Tomorrow my internal medicine doctor is gong to run any test i ask him to run for lymes. The only thing I had done so far was one called "lyme antibody serum" test. Can someone please list what I need to ask him for tomorrow?
check " Igenex " lab for different descriptions of Lyme and Co-infection tests available. Other labs do not test for all the bands on the western blot ( 31 and 34, which are 2 of the most specific) and do not offer the variety of testing.
Glad to hear you are seeing an open-minded doc. From this website you will find the basic points below (take out the extra spaces to search for the website ... the spacing is to stop the bot on *this* website from blocking out the URL):
www. ilads. org / lyme_disease / about_lyme .html
Items 6, 7, 8 and 10 below talk specifically about the testing. These are just basic points. On the ILADS website are additional postings from leading Lyme docs and are very worthwhile to read for you and also for your doc.
Under the tab 'About Lyme' are postings including Burrascano's Diagnostic Hints and Treatment Guidelines. It's critically important information. Dr Burrascano is one of the leaders in the field.
Please note the commentary below about the need to test for coinfections. There are several, and an LLMD can, by taking a good history and physical, figure out which coinfections to test for. My rule of thumb is: when in doubt, do the test -- but it gets expensive. Insurance will probably reimburse at least a portion ... mine did, but it's indemnity (not HMO) insurance. My theory however was that I'd spend my last nickel to get well, because I was going downhill fast.

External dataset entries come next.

lemma prefix_sum_netflow_nonneg:
  assumes "ascending n G" "L \<le> Suc n"
  shows "0 \<le> (\<Sum>k\<in>{1..L}. netflow G f k)"
proof -
  let ?w = "\<lambda>k. if k \<le> L then 1 else 0"
  have "(\<Sum>k\<in>{1..L}. netflow G f k) = (\<Sum>k\<in>{1..Suc n}. ?w k * netflow G f k)"
    using assms(2) by (intro sum.mono_neutral_cong_left) auto
  also have "\<dots> = (\<Sum>e<length G. int (f e) * (?w (fst (G ! e)) - ?w (snd (G ! e))))"
    by (rule sum_weighted_netflow[OF assms(1)])
  also have "0 \<le> \<dots>"
    using ascending_nth(2)[OF assms(1)] by (intro sum_nonneg) fastforce
  finally show ?thesis .
qed

lemma kostant_eq_0_if_prefix_sum_neg:
  assumes "ascending n G" "L \<le> Suc n" "(\<Sum>k\<in>{1..L}. v k) < 0"
  shows "kostant n G v = 0"
proof -
  have "flows n G v = {}"
  proof (intro equals0I)
    fix f assume "f \<in> flows n G v"
    then have "(\<Sum>k\<in>{1..L}. netflow G f k) = (\<Sum>k\<in>{1..L}. v k)"
      using assms(2) by (intro sum.cong) (auto simp: flows_def)
    then show False
      using prefix_sum_netflow_nonneg[OF assms(1,2), of f] assms(3) by linarith
  qed
  then show ?thesis by (simp add: kostant_eq_card_flows)
qed

lemma netflow_top:
  assumes "ascending n G"
  shows "netflow G f (Suc n) = - (\<Sum>e\<in>{e. e < length G \<and> snd (G ! e) = Suc n}. int (f e))"
proof -
  have no_out: "{e. e < length G \<and> fst (G ! e) = Suc n} = {}"
    using ascending_nth[OF assms] by fastforce
  show ?thesis unfolding netflow_def no_out by simp
qed

lemma kostant_eq_0_if_top_pos:
  assumes "ascending n G" "0 < v (Suc n)"
  shows "kostant n G v = 0"
proof -
  have "flows n G v = {}"
  proof (intro equals0I)
    fix f assume "f \<in> flows n G v"
    then have "netflow G f (Suc n) = v (Suc n)" by (simp add: flows_def)
    moreover have "netflow G f (Suc n) \<le> 0"
      unfolding netflow_top[OF assms(1)] by (simp add: sum_nonneg)
    ultimately show False using assms(2) by simp
  qed
  then show ?thesis by (simp add: kostant_eq_card_flows)
qed

lemma flow_le_top_demand:
  assumes "ascending n G" "f \<in> flows n G v" "p < length G" "snd (G ! p) = Suc n"
  shows "int (f p) \<le> - v (Suc n)"
proof -
  have "int (f p) \<le> (\<Sum>e\<in>{e. e < length G \<and> snd (G ! e) = Suc n}. int (f e))"
    using assms(3,4) by (intro member_le_sum) auto
  then show ?thesis
    using assms(2) netflow_top[OF assms(1), of f] by (simp add: flows_def)
qed

lemma kostant_Suc_isolated_top:
  assumes "ascending n G"
  shows "kostant (Suc n) G v = (if v (Suc (Suc n)) = 0 then kostant n G v else 0)"
proof -
  have isolated: "{e. e < length G \<and> fst (G ! e) = Suc (Suc n)} = {}"
    "{e. e < length G \<and> snd (G ! e) = Suc (Suc n)} = {}"
    using ascending_nth[OF assms] by fastforce+
  have "netflow G f (Suc (Suc n)) = 0" for f
    unfolding netflow_def isolated by simp
  moreover have "(\<forall>k\<in>{1..Suc n + 1}. P k) \<longleftrightarrow> P (Suc (Suc n)) \<and> (\<forall>k\<in>{1..n + 1}. P k)" for P
    using atLeastAtMostSuc_conv[of 1 "Suc n"] by auto
  ultimately have "flows (Suc n) G v = (if v (Suc (Suc n)) = 0 then flows n G v else {})"
    unfolding flows_def by auto
  then show ?thesis by (simp add: kostant_eq_card_flows)
qed

lemma ascending_Suc_no_top:
  assumes "ascending (Suc n) G" "indeg G (Suc (Suc n)) = 0"
  shows "ascending n G"
proof -
  have "(i, Suc (Suc n)) \<notin> set G" for i
    using assms(2) by (auto simp: indeg_def filter_empty_conv)
  then show ?thesis
    using assms(1) unfolding ascending_def by (fastforce simp: le_Suc_eq)
qed

lemma length_ge_if_incoming:
  assumes "\<forall>i\<in>{2..n+1}. 1 \<le> indeg G i"
  shows "n \<le> length G"
proof -
  have "(\<Sum>k\<in>K. indeg G k) \<le> length G" if "finite K" for K
  proof (induction G)
    case (Cons e G)
    have "(\<Sum>k\<in>K. indeg (e # G) k) = (\<Sum>k\<in>K. indeg G k) + (\<Sum>k\<in>K. if snd e = k then 1 else 0)"
      unfolding sum.distrib[symmetric] by (rule sum.cong) (auto simp: indeg_def)
    also have "(\<Sum>k\<in>K. if snd e = k then 1 else 0) \<le> (1::nat)"
      using that by (simp add: sum.delta)
    finally show ?case using Cons by simp
  qed (simp add: indeg_def)
  moreover have "n = (\<Sum>k\<in>{2..n+1}. 1)" by simp
  moreover have "(\<Sum>k\<in>{2..n+1}. 1) \<le> (\<Sum>k\<in>{2..n+1}. indeg G k)"
    using assms by (intro sum_mono) auto
  ultimately show ?thesis by (metis finite_atLeastAtMost order_trans)
qed

section \<open>Deleting an edge\<close>

definition del_edge :: "nat \<Rightarrow> mgraph \<Rightarrow> mgraph" where
  "del_edge p G = take p G @ drop (Suc p) G"

lemma length_del_edge: "p < length G \<Longrightarrow> length (del_edge p G) = length G - 1"
  by (simp add: del_edge_def)

lemma nth_del_edge:
  "p < length G \<Longrightarrow> e < length G - 1 \<Longrightarrow> del_edge p G ! e = G ! (if e < p then e else Suc e)"
  by (auto simp: del_edge_def nth_append min_def)

lemma ascending_del_edge: "ascending n G \<Longrightarrow> ascending n (del_edge p G)"
  unfolding ascending_def del_edge_def using set_take_subset set_drop_subset by fastforce

lemma indeg_del_edge:
  assumes "p < length G"
  shows "indeg (del_edge p G) k = indeg G k - (if snd (G ! p) = k then 1 else 0)"
proof -
  have G: "G = take p G @ G ! p # drop (Suc p) G"
    using assms by (simp add: id_take_nth_drop)
  have "indeg G k = indeg (del_edge p G) k + (if snd (G ! p) = k then 1 else 0)"
    unfolding indeg_def del_edge_def by (subst G) simp
  then show ?thesis by simp
qed
(* For every $\varepsilon>0$, $\alpha\geq-\varepsilon$ and $\tau>-1$, the function $r\mapsto r^\alpha\frac{J_{\tau+\varepsilon}(r)}{J_\tau(r)}$ is increasing on $(0,j_\tau)$.
   Context: $J_\tau$ denotes the Bessel function of the first kind of order $\tau$ and $j_\tau$ its first positive zero. *)

theory Defs
  imports "HOL-Analysis.Analysis"
begin

definition besselJ :: "real \<Rightarrow> real \<Rightarrow> real" where
  "besselJ nu x =
     (\<Sum>m. (-1) ^ m / (fact m * Gamma (real m + nu + 1)) * (x / 2) powr (2 * real m + nu))"

definition besselJ_first_zero :: "real \<Rightarrow> real" where
  "besselJ_first_zero nu = Inf {r. 0 < r \<and> besselJ nu r = 0}"

end

theory Submission
  imports Defs
begin
(* Let $A$ be an integral domain and $B$ an overring of $A$ that is flat over $A$ and well-centered on $A$. If there exists a finite set $\mathcal F$ of height-one prime ideals of $A$ such that $A=B\cap\bigcap_{P\in\mathcal F}A_P$, then $B$ is a localization of $A$.
   Context: For an integral domain $A$ with field of fractions $K$, an overring is a subring of $K$ containing $A$. $B$ is well-centered on $A$ if for each $b\in B$ there is a unit $u$ of $B$ with $ub\in A$. $B$ is a localization of $A$ if $B=S^{-1}A$ for a multiplicatively closed set $S$ of nonzero elements of $A$. *)

theory Defs
  imports Main
begin

text \<open>All rings are subrings of a fixed field K (the type 'k).\<close>

definition subring :: "'k::field set \<Rightarrow> bool" where
  "subring R \<longleftrightarrow> 0 \<in> R \<and> 1 \<in> R \<and>
     (\<forall>x\<in>R. \<forall>y\<in>R. x + y \<in> R \<and> - x \<in> R \<and> x * y \<in> R)"

definition is_fraction_field_of :: "'k::field set \<Rightarrow> bool" where
  "is_fraction_field_of A \<longleftrightarrow> (\<forall>x::'k. \<exists>a\<in>A. \<exists>b\<in>A. b \<noteq> 0 \<and> x = a / b)"

definition overring :: "'k::field set \<Rightarrow> 'k set \<Rightarrow> bool" where
  "overring A B \<longleftrightarrow> subring B \<and> A \<subseteq> B"

definition unit_of :: "'k::field set \<Rightarrow> 'k \<Rightarrow> bool" where
  "unit_of B u \<longleftrightarrow> u \<in> B \<and> u \<noteq> 0 \<and> inverse u \<in> B"

definition well_centered :: "'k::field set \<Rightarrow> 'k set \<Rightarrow> bool" where
  "well_centered A B \<longleftrightarrow> (\<forall>b\<in>B. \<exists>u. unit_of B u \<and> u * b \<in> A)"
(* Expectation of a product of two-term exponential mixtures in the Y_p: expand the product,
   apply the joint moment generating function to every term, and recombine. *)
lemma expectation_prod_exp_mixture:
  fixes A B a b :: "nat \<Rightarrow> real"
  assumes tm: "tilde_model n M X" and S: "S \<subseteq> {p. prime p \<and> p \<le> n}"
  defines "G \<equiv> \<lambda>\<omega>. \<Prod>p\<in>S. A p * exp (a p * real (Ycount n X p \<omega>)) + B p * exp (b p * real (Ycount n X p \<omega>))"
  shows "integrable M G"
    and "(\<integral>\<omega>. G \<omega> \<partial>M) = (\<Prod>p\<in>S. A p * binom_mgf n p (a p) + B p * binom_mgf n p (b p))"
proof -
  have fS: "finite S" using S by (rule finite_subset) auto
  define \<beta> where "\<beta> T p = (if p \<in> T then a p else b p)" for T and p :: nat
  define K where "K T = (\<Prod>p\<in>T. A p) * (\<Prod>p\<in>S - T. B p)" for T
  have expand: "G \<omega> = (\<Sum>T\<in>Pow S. K T * exp (\<Sum>p\<in>S. \<beta> T p * real (Ycount n X p \<omega>)))" for \<omega>
  proof -
    have "exp (\<Sum>p\<in>S. \<beta> T p * real (Ycount n X p \<omega>))
        = (\<Prod>p\<in>T. exp (a p * real (Ycount n X p \<omega>))) * (\<Prod>p\<in>S - T. exp (b p * real (Ycount n X p \<omega>)))"
      if "T \<subseteq> S" for T
    proof -
      have "exp (\<Sum>p\<in>S. \<beta> T p * real (Ycount n X p \<omega>))
          = (\<Prod>p\<in>S. if p \<in> T then exp (a p * real (Ycount n X p \<omega>)) else exp (b p * real (Ycount n X p \<omega>)))"
        unfolding exp_sum[OF fS] \<beta>_def by (intro prod.cong) auto
      then show ?thesis by (simp only: prod_if_mem[OF fS that])
    qed
    then show ?thesis
      unfolding G_def prod_add[OF fS] K_def by (intro sum.cong) (auto simp: prod.distrib)
  qed
  show "integrable M G"
    unfolding expand using joint_mgf_Ycount(1)[OF tm S] by (intro Bochner_Integration.integrable_sum integrable_mult_right) auto
  have "(\<integral>\<omega>. G \<omega> \<partial>M) = (\<Sum>T\<in>Pow S. K T * (\<Prod>p\<in>S. binom_mgf n p (\<beta> T p)))"
    unfolding expand using joint_mgf_Ycount[OF tm S] by (subst Bochner_Integration.integral_sum) auto
  also have "\<dots> = (\<Sum>T\<in>Pow S. (\<Prod>p\<in>T. A p * binom_mgf n p (a p)) * (\<Prod>p\<in>S - T. B p * binom_mgf n p (b p)))"
  proof (rule sum.cong[OF refl])
    fix T assume "T \<in> Pow S"
    have "(\<Prod>p\<in>S. binom_mgf n p (\<beta> T p))
        = (\<Prod>p\<in>S. if p \<in> T then binom_mgf n p (a p) else binom_mgf n p (b p))"
      unfolding \<beta>_def by (intro prod.cong) auto
    also have "\<dots> = (\<Prod>p\<in>T. binom_mgf n p (a p)) * (\<Prod>p\<in>S - T. binom_mgf n p (b p))"
      using \<open>T \<in> Pow S\<close> by (intro prod_if_mem[OF fS]) auto
    finally have "(\<Prod>p\<in>S. binom_mgf n p (\<beta> T p)) = (\<Prod>p\<in>T. binom_mgf n p (a p)) * (\<Prod>p\<in>S - T. binom_mgf n p (b p))" .
    then show "K T * (\<Prod>p\<in>S. binom_mgf n p (\<beta> T p)) = (\<Prod>p\<in>T. A p * binom_mgf n p (a p)) * (\<Prod>p\<in>S - T. B p * binom_mgf n p (b p))"
      unfolding K_def by (simp add: prod.distrib)
  qed
  also have "\<dots> = (\<Prod>p\<in>S. A p * binom_mgf n p (a p) + B p * binom_mgf n p (b p))"
    by (rule prod_add[OF fS, symmetric])
  finally show "(\<integral>\<omega>. G \<omega> \<partial>M) = (\<Prod>p\<in>S. A p * binom_mgf n p (a p) + B p * binom_mgf n p (b p))" .
qed

lemma binom_mgf_nonneg:
  assumes "p \<ge> 1"
  shows "binom_mgf n p \<alpha> \<ge> 0"
proof -
  have p1: "real p \<ge> 1" using assms by simp
  then have "-1 \<le> (exp \<alpha> - 1) / real p \<longleftrightarrow> -1 * real p \<le> exp \<alpha> - 1"
    by (intro pos_le_divide_eq) linarith
  moreover have "-1 * real p \<le> exp \<alpha> - 1" using p1 exp_gt_zero[of \<alpha>] by linarith
  ultimately have "-1 \<le> (exp \<alpha> - 1) / real p" by blast
  then show ?thesis unfolding binom_mgf_def by simp
qed

lemma binom_mgf_le_exp:
  assumes "p \<ge> 1"
  shows "binom_mgf n p \<alpha> \<le> exp (real n * ((exp \<alpha> - 1) / real p))"
proof -
  have "0 \<le> 1 + (exp \<alpha> - 1) / real p"
    using binom_mgf_nonneg[OF assms, of 1 \<alpha>] by (simp add: binom_mgf_def)
  then have "binom_mgf n p \<alpha> \<le> exp ((exp \<alpha> - 1) / real p) ^ n"
    unfolding binom_mgf_def by (intro power_mono) (simp_all add: exp_ge_add_one_self add.commute)
  also have "\<dots> = exp (real n * ((exp \<alpha> - 1) / real p))"
    by (rule exp_of_nat_mult[symmetric])
  finally show ?thesis .
qed

(* Telescoping bound for the tail of sum 1/m^2 over any set of integers in (k, n]. *)
lemma sum_inverse_squares_le:
  assumes "k \<ge> 1" "finite S" "S \<subseteq> {p. k < p \<and> p \<le> n}"
  shows "(\<Sum>p\<in>S. 1 / (real p)^2) \<le> 1 / real k"
proof -
  have telescope: "(\<Sum>m\<in>{Suc k..N}. 1 / (real m)^2) \<le> 1 / real k - 1 / real N" if "N \<ge> k" for N
    using that
  proof (induction N rule: dec_induct)
    case (step N)
    have N1: "real N \<ge> 1" using step assms by simp
    have "1 / (1 + real N)^2 \<le> 1 / (real N * (1 + real N))"
      using N1 by (intro divide_left_mono) (auto simp: power2_eq_square intro!: mult_right_mono)
    also have "\<dots> = 1 / real N - 1 / (1 + real N)"
      using N1 by (simp add: field_simps)
    finally have last_term: "1 / (1 + real N)^2 \<le> 1 / real N - 1 / (1 + real N)" .
    have "(\<Sum>m\<in>{Suc k..Suc N}. 1 / (real m)^2) = (\<Sum>m\<in>{Suc k..N}. 1 / (real m)^2) + 1 / (1 + real N)^2"
      using step(1) by (simp add: sum.cl_ivl_Suc)
    then show ?case using step.IH last_term by (simp only: of_nat_Suc)
  qed simp
  have "(\<Sum>p\<in>S. 1 / (real p)^2) \<le> (\<Sum>m\<in>{Suc k..n}. 1 / (real m)^2)"
    using assms by (intro sum_mono2) auto
  also have "\<dots> \<le> 1 / real k"
  proof (cases "k \<le> n")
    case True
    have "0 \<le> 1 / real n" by simp
    with telescope[OF True] show ?thesis by linarith
  qed simp
  finally show ?thesis .
qed
lemma relation_on_legs: "relation_on C (Dom C j) (Comp C l1 \<tau>) (Comp C l2 \<tau>)"
  unfolding relation_on_def
proof (intro conjI allI impI)
  show "Comp C l1 \<tau> \<in> hom C (Dom C (Comp C l1 \<tau>)) (Dom C j)"
    "Comp C l2 \<tau> \<in> hom C (Dom C (Comp C l1 \<tau>)) (Dom C j)"
    by (simp_all add: in_hom_iff)
  fix g h
  assume gh: "g \<in> Ar C" "h \<in> Ar C" "Dom C g = Dom C h" "Cod C g = Dom C (Comp C l1 \<tau>)"
    "Cod C h = Dom C (Comp C l1 \<tau>)"
    and eq: "Comp C (Comp C l1 \<tau>) g = Comp C (Comp C l1 \<tau>) h"
      "Comp C (Comp C l2 \<tau>) g = Comp C (Comp C l2 \<tau>) h"
  have cod: "Cod C g = R" "Cod C h = R"
    using gh(4,5) by simp_all
  have \<tau>: "Comp C \<tau> g = Comp C \<tau> h"
    by (rule pullback_eqI[OF L]) (use gh cod eq in simp_all)
  have \<sigma>: "Comp C \<sigma> g = Comp C \<sigma> h"
    by (rule monicD[OF j(1)]) (use gh cod R_comp \<tau> in simp_all)
  show "g = h"
    by (rule pullback_eqI[OF R]) (use gh cod \<sigma> \<tau> in simp_all)
qed

lemma reflexive_rel_legs: "reflexive_rel C (Dom C j) (Comp C l1 \<tau>) (Comp C l2 \<tau>)"
proof -
  define I where "I = Dom C j"
  have I: "I \<in> Ob C" "Dom C j = I"
    unfolding I_def by simp_all
  obtain \<delta> where \<delta>: "\<delta> \<in> Ar C" "Dom C \<delta> = I" "Cod C \<delta> = L" "Comp C l1 \<delta> = Id C I"
      "Comp C l2 \<delta> = Id C I"
    using pullback_pair[OF L, of "Id C I" "Id C I"] I by auto
  have "Comp C j (Id C I) = Comp C G \<delta>"
    by (rule pullback_eqI[OF T]) (use \<delta> I G_comp[OF \<delta>(1,3)] in simp_all)
  then obtain d where d: "d \<in> Ar C" "Dom C d = I" "Cod C d = R" "Comp C \<sigma> d = Id C I"
      "Comp C \<tau> d = \<delta>"
    using pullback_pair[OF R, of "Id C I" \<delta>] \<delta> I by auto
  have "Comp C (Comp C l1 \<tau>) d = Id C I" "Comp C (Comp C l2 \<tau>) d = Id C I"
    using d \<delta> by simp_all
  moreover have "d \<in> hom C I (Dom C (Comp C l1 \<tau>))"
    using d by (simp add: in_hom_iff)
  ultimately show ?thesis
    unfolding reflexive_rel_def I_def by blast
qed

lemma rel_mem_legs_iff:
  assumes xy: "x \<in> Ar C" "y \<in> Ar C" "Dom C x = Dom C y" "Cod C x = Dom C j" "Cod C y = Dom C j"
  shows "rel_mem C (Comp C l1 \<tau>) (Comp C l2 \<tau>) x y \<longleftrightarrow> mixes_through C p1 p2 j x y"
proof
  assume "rel_mem C (Comp C l1 \<tau>) (Comp C l2 \<tau>) x y"
  then obtain h where h: "h \<in> Ar C" "Cod C h = R" "Comp C l1 (Comp C \<tau> h) = x"
      "Comp C l2 (Comp C \<tau> h) = y"
    unfolding rel_mem_def by auto
  have "Dom C (Comp C \<sigma> h) = Dom C x"
    using h by (simp flip: h(3))
  moreover have "Comp C p1 (Comp C j (Comp C \<sigma> h)) = Comp C p1 (Comp C j x)"
    "Comp C p2 (Comp C j (Comp C \<sigma> h)) = Comp C p2 (Comp C j y)"
    using R_comp[OF h(1,2)] G_comp[of "Comp C \<tau> h"] h by simp_all
  ultimately show "mixes_through C p1 p2 j x y"
    unfolding mixes_through_def using h(1,2) by (intro bexI[of _ "Comp C \<sigma> h"]) simp_all
next
  assume "mixes_through C p1 p2 j x y"
  then obtain w where w: "w \<in> Ar C" "Dom C w = Dom C x" "Cod C w = Dom C j"
      "Comp C p1 (Comp C j w) = Comp C p1 (Comp C j x)" "Comp C p2 (Comp C j w) = Comp C p2 (Comp C j y)"
    unfolding mixes_through_def by blast
  have square: "Comp C e (Comp C p1 (Comp C j z)) = Comp C e' (Comp C p2 (Comp C j z))"
    if "z \<in> Ar C" "Cod C z = Dom C j" for z
    using that pullbackD(10)[OF T] Comp_assoc[of "Comp C j z" p1 e] Comp_assoc[of "Comp C j z" p2 e']
    by simp
  \<comment> \<open>a mixed element lies over a single element of the base, so x and y are in the kernel pair L\<close>
  have "Comp C (Comp C e (Comp C p1 j)) x = Comp C (Comp C e (Comp C p1 j)) y"
    using square[OF w(1,3)] square[OF xy(2,5)] w(4,5) xy by simp
  then obtain v where v: "v \<in> Ar C" "Dom C v = Dom C x" "Cod C v = L" "Comp C l1 v = x"
      "Comp C l2 v = y"
    using pullback_pair[OF L, of x y] xy by auto
  have "Comp C j w = Comp C G v"
    by (rule pullback_eqI[OF T]) (use w v xy G_comp[OF v(1,3)] in simp_all)
  then obtain h where h: "h \<in> Ar C" "Cod C h = R" "Comp C \<tau> h = v"
    using pullback_pair[OF R, of w v] w v by auto
  show "rel_mem C (Comp C l1 \<tau>) (Comp C l2 \<tau>) x y"
    unfolding rel_mem_def using h v by (intro bexI[of _ h]) simp_all
qed

end

context category_ctx
begin
lemma (in prob_space) nn_integral_div_power_indep_expectation_le:
  fixes Y R :: "'a \<Rightarrow> real" and \<phi> :: "real \<Rightarrow> real"
  assumes indep: "indep_var borel Y borel R"
    and Y_pos: "\<And>\<omega>. \<omega> \<in> space M \<Longrightarrow> Y \<omega> > 0"
    and R_nonneg: "\<And>\<omega>. \<omega> \<in> space M \<Longrightarrow> R \<omega> \<ge> 0"
    and "integrable M R" "expectation R > 0"
    and [measurable]: "\<phi> \<in> borel_measurable borel"
    and \<phi>_nonneg: "\<And>y. 0 \<le> \<phi> y"
  shows "(\<integral>\<^sup>+\<omega>. ennreal (\<phi> (Y \<omega>) / (Y \<omega> + expectation R) ^ p) \<partial>M)
    \<le> (\<integral>\<^sup>+\<omega>. ennreal (\<phi> (Y \<omega>) / (Y \<omega> + R \<omega>) ^ p) \<partial>M)"
proof -
  have [measurable]: "Y \<in> borel_measurable M" "R \<in> borel_measurable M"
    using indep unfolding indep_var_eq by auto
  have "(\<integral>\<^sup>+\<omega>. ennreal (\<phi> (Y \<omega>) / (Y \<omega> + expectation R) ^ p) \<partial>M)
      = (\<integral>\<^sup>+\<omega>. (SUP K::nat. ennreal (min (\<phi> (Y \<omega>)) (real K) / (Y \<omega> + expectation R) ^ p)) \<partial>M)"
    using \<phi>_nonneg by (simp add: SUP_ennreal_min_of_nat_divide)
  also have "\<dots> = (SUP K::nat. \<integral>\<^sup>+\<omega>. ennreal (min (\<phi> (Y \<omega>)) (real K) / (Y \<omega> + expectation R) ^ p) \<partial>M)"
    using incseq_ennreal_min_of_nat_divide[OF \<phi>_nonneg]
    by (intro nn_integral_monotone_convergence_SUP) (auto simp: incseq_def le_fun_def)
  also have "\<dots> \<le> (\<integral>\<^sup>+\<omega>. ennreal (\<phi> (Y \<omega>) / (Y \<omega> + R \<omega>) ^ p) \<partial>M)"
  proof (rule SUP_least)
    fix K :: nat
    have "(\<integral>\<^sup>+\<omega>. ennreal (min (\<phi> (Y \<omega>)) (real K) / (Y \<omega> + expectation R) ^ p) \<partial>M)
        \<le> (\<integral>\<^sup>+\<omega>. ennreal (min (\<phi> (Y \<omega>)) (real K) / (Y \<omega> + R \<omega>) ^ p) \<partial>M)"
      using \<phi>_nonneg
      by (intro nn_integral_div_power_indep_expectation_le_bounded[where B="real K"] assms) auto
    also have "\<dots> \<le> (\<integral>\<^sup>+\<omega>. ennreal (\<phi> (Y \<omega>) / (Y \<omega> + R \<omega>) ^ p) \<partial>M)"
      using Y_pos R_nonneg
      by (intro nn_integral_mono ennreal_leI divide_right_mono zero_le_power) (auto intro: add_nonneg_nonneg less_imp_le)
    finally show "(\<integral>\<^sup>+\<omega>. ennreal (min (\<phi> (Y \<omega>)) (real K) / (Y \<omega> + expectation R) ^ p) \<partial>M)
        \<le> (\<integral>\<^sup>+\<omega>. ennreal (\<phi> (Y \<omega>) / (Y \<omega> + R \<omega>) ^ p) \<partial>M)" .
  qed
  finally show ?thesis .
qed

lemma (in prob_space) nn_integral_power_finite_if_tail_finite:
  fixes Z :: "'a \<Rightarrow> real"
  assumes [measurable]: "Z \<in> borel_measurable M"
    and Z_nonneg: "\<And>\<omega>. \<omega> \<in> space M \<Longrightarrow> 0 \<le> Z \<omega>" and "0 \<le> c"
    and tail: "(\<integral>\<^sup>+\<omega>. ennreal (Z \<omega> ^ p * indicator {\<omega>'. Z \<omega>' \<ge> c} \<omega>) \<partial>M) < \<infinity>"
  shows "(\<integral>\<^sup>+\<omega>. ennreal (Z \<omega> ^ p) \<partial>M) < \<infinity>"
proof -
  have "(\<integral>\<^sup>+\<omega>. ennreal (Z \<omega> ^ p) \<partial>M)
      \<le> (\<integral>\<^sup>+\<omega>. ennreal (Z \<omega> ^ p * indicator {\<omega>'. Z \<omega>' \<ge> c} \<omega>) + ennreal (c ^ p) \<partial>M)"
  proof (intro nn_integral_mono)
    fix \<omega> assume "\<omega> \<in> space M"
    then have "Z \<omega> ^ p \<le> Z \<omega> ^ p * indicator {\<omega>'. Z \<omega>' \<ge> c} \<omega> + c ^ p"
      using Z_nonneg \<open>0 \<le> c\<close> by (cases "Z \<omega> \<ge> c") (auto intro: power_mono)
    then show "ennreal (Z \<omega> ^ p) \<le> ennreal (Z \<omega> ^ p * indicator {\<omega>'. Z \<omega>' \<ge> c} \<omega>) + ennreal (c ^ p)"
      using Z_nonneg[OF \<open>\<omega> \<in> space M\<close>] \<open>0 \<le> c\<close>
      by (simp add: ennreal_plus[symmetric] ennreal_leI del: ennreal_plus)
  qed
  also have "\<dots> = (\<integral>\<^sup>+\<omega>. ennreal (Z \<omega> ^ p * indicator {\<omega>'. Z \<omega>' \<ge> c} \<omega>) \<partial>M) + ennreal (c ^ p)"
    by (subst nn_integral_add) (auto simp: emeasure_space_1)
  also have "\<dots> < \<infinity>"
    using tail by simp
  finally show ?thesis .
qed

A lab favored by some Lyme docs is IGeneX in Palo Alto CA. They have been beefing up their website and have extensive information about the tests they offer. I don't know if you need a special kit from IGeneX or if standard blood collection tubes work. I was told NOT to get blood drawn on a Friday, because it sits around all weekend and degenerates. Don't know if that's true, but ask your doc since tomorrow (actually today, it's after midnight) is indeed Friday.
Your doc should be made aware that the reason for longer-than-a-few-weeks of treatment is because B. burgdorferi, the bacteria that cause Lyme, have an exceptionally slow reproductive cycle, a characteristic similar to other, unrelated bacteria that cause leprosy and I believe also tuberculosis: months long courses of antibiotics are used to treat those diseases, so there is precedent and reason.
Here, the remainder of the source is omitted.